Tras el fallecimiento de Eric Palante y la difusión de las imágenes que muestran a Enric Marti Flix delirando semi desnudo en el desierto argentino producto de la deshidratación, todo se calmó en la carrera. Los competidores de motocicletas y cuadriciclos dejaron Argentina y se trasladaron a Bolivia. El país altiplánico recibía por primera vez el Dakar y 400 mil personas hicieron sentir como héroes a los golpeados pilotos que llegaban a Uyuni, quienes fueron recibidos por el presidente Evo Morales.
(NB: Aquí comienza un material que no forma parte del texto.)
lemma area_witness:
  assumes "in_N w"
  obtains gs where "length gs = area w" "elem w = elem (conj_prod gs)"
proof -
  have "\<exists>d gs. length gs = d \<and> reduce w = reduce (conj_prod gs)"
    using assms by (auto simp: in_N_def)
  then have "\<exists>gs. length gs = area w \<and> reduce w = reduce (conj_prod gs)"
    unfolding area_def by (rule LeastI_ex)
  then show ?thesis
    using that by (auto simp: elem_eq_iff)
qed

lemma area_le_count_c:
  assumes "elem (phi w) = 0"
  shows "area w \<le> count_c w"
proof -
  obtain gs where "length gs = count_c w" "elem w = elem (conj_prod gs) + elem (phi w)"
    using word_eq_conj_prod_phi by blast
  with assms show ?thesis
    using area_le[of w gs] by simp
qed

lemma area_conjugate_le:
  assumes "elem w = elem (g @ v @ inv_word g)" "in_N v"
  shows "area w \<le> area v"
proof -
  obtain gs where "length gs = area v" "elem v = elem (conj_prod gs)"
    using area_witness[OF assms(2)] .
  then show ?thesis
    using assms(1) area_le[of w "map (\<lambda>(h, e). (g @ h, e)) gs"]
    by (simp only: elem_conj_prod_conjugate elem_conjugate length_map)
qed

lemma area_add_le:
  assumes "elem w = elem u + elem v" "in_N u" "in_N v"
  shows "area w \<le> area u + area v"
proof -
  obtain gs where "length gs = area u" "elem u = elem (conj_prod gs)"
    using area_witness[OF assms(2)] .
  moreover obtain hs where "length hs = area v" "elem v = elem (conj_prod hs)"
    using area_witness[OF assms(3)] .
  ultimately show ?thesis
    using assms(1) area_le[of w "gs @ hs"] by (simp only: conj_prod_append elem_append length_append)
qed

section \<open>Edges of the Cayley tree\<close>

text \<open>\<open>beyond y s z\<close>: removing the edge \<open>{y, y s}\<close> from the Cayley tree separates \<open>z\<close>
  from \<open>y\<close>.\<close>

definition beyond :: "fg \<Rightarrow> letter \<Rightarrow> fg \<Rightarrow> bool" where
  "beyond y s z \<longleftrightarrow> Rep_fg (- y + z) \<noteq> [] \<and> hd (Rep_fg (- y + z)) = s"

text \<open>In a tree, the signed number of traversals of an edge by a path is the change of side.\<close>

definition crossings :: "fg \<Rightarrow> letter \<Rightarrow> fg \<Rightarrow> word \<Rightarrow> int" where
  "crossings y s z u = of_bool (beyond y s (z + elem u)) - of_bool (beyond y s z)"

lemma crossings_single:
  "crossings y s z [t] = of_bool (z = y \<and> t = s) - of_bool (z = y + elem [s] \<and> t = inv_letter s)"
proof -
  define m where "m = Rep_fg (- y + z)"
  define m' where "m' = (if m \<noteq> [] \<and> last m = inv_letter t then butlast m else m @ [t])"
  have Rep_step: "Rep_fg (- y + (z + elem [t])) = m'"
    unfolding m_def m'_def add.assoc[symmetric] by (rule Rep_fg_add_letter)
  have at_y: "z = y \<longleftrightarrow> m = []"
    unfolding m_def Rep_fg_eq_Nil_iff by (metis add.left_inverse add_minus_cancel add.right_neutral)
  have at_ys: "z = y + elem [s] \<longleftrightarrow> m = [s]"
    unfolding m_def Rep_fg_eq_single_iff by (metis add_minus_cancel minus_add_cancel)
  have "of_bool (m' \<noteq> [] \<and> hd m' = s) - of_bool (m \<noteq> [] \<and> hd m = s)
      = (of_bool (m = [] \<and> t = s) - of_bool (m = [s] \<and> t = inv_letter s) :: int)"
  proof (cases m rule: reduced.cases)
    case (2 x)
    then show ?thesis by (auto simp: m'_def)
  next
    case (3 x x' xs)
    then have "m' \<noteq> [] \<and> hd m' = x"
      by (simp add: m'_def)
    with 3 show ?thesis by auto
  qed (simp add: m'_def)
  then show ?thesis
    unfolding crossings_def beyond_def Rep_step m_def[symmetric] at_y at_ys .
qed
Los bolivianos prepararon una verdadera fiesta para recibir el Dakar y Chile no quería quedarse atrás. Pero el panorama no fue así y la ciudad chilena Calama mostró su peor cara. El bivouac de la ciudad minera no estuvo a la altura y los pilotos, que venían de enfrentar una dura etapa maratón, tuvieron que lidiar con la tierra que se levantaba del suelo. “Este campamento es una basura. Se supone que uno llega a Chile para reponer energías, pero con estas condiciones es muy difícil”, decía el local Claudio “Burrito” Rodríguez, piloto del Team Tamarugal XC.

A esa altura, a los sobrevivientes del Dakar poco les importaban las condiciones del campamento. Sólo les quedaban cinco etapas para llegar a Valparaíso y terminar la Odisea. Cinco etapas que se llevaron a cabo con más calma y que solamente dejó a 30 pilotos en el camino. La pesadilla ya había pasado y en Valparaíso cuatrocientas mil personas aplaudían a los 205 competidores que cumplían su sueño de llegar a la meta. Era el fin de la aventura, la más dura que hubiesen imaginado jamás.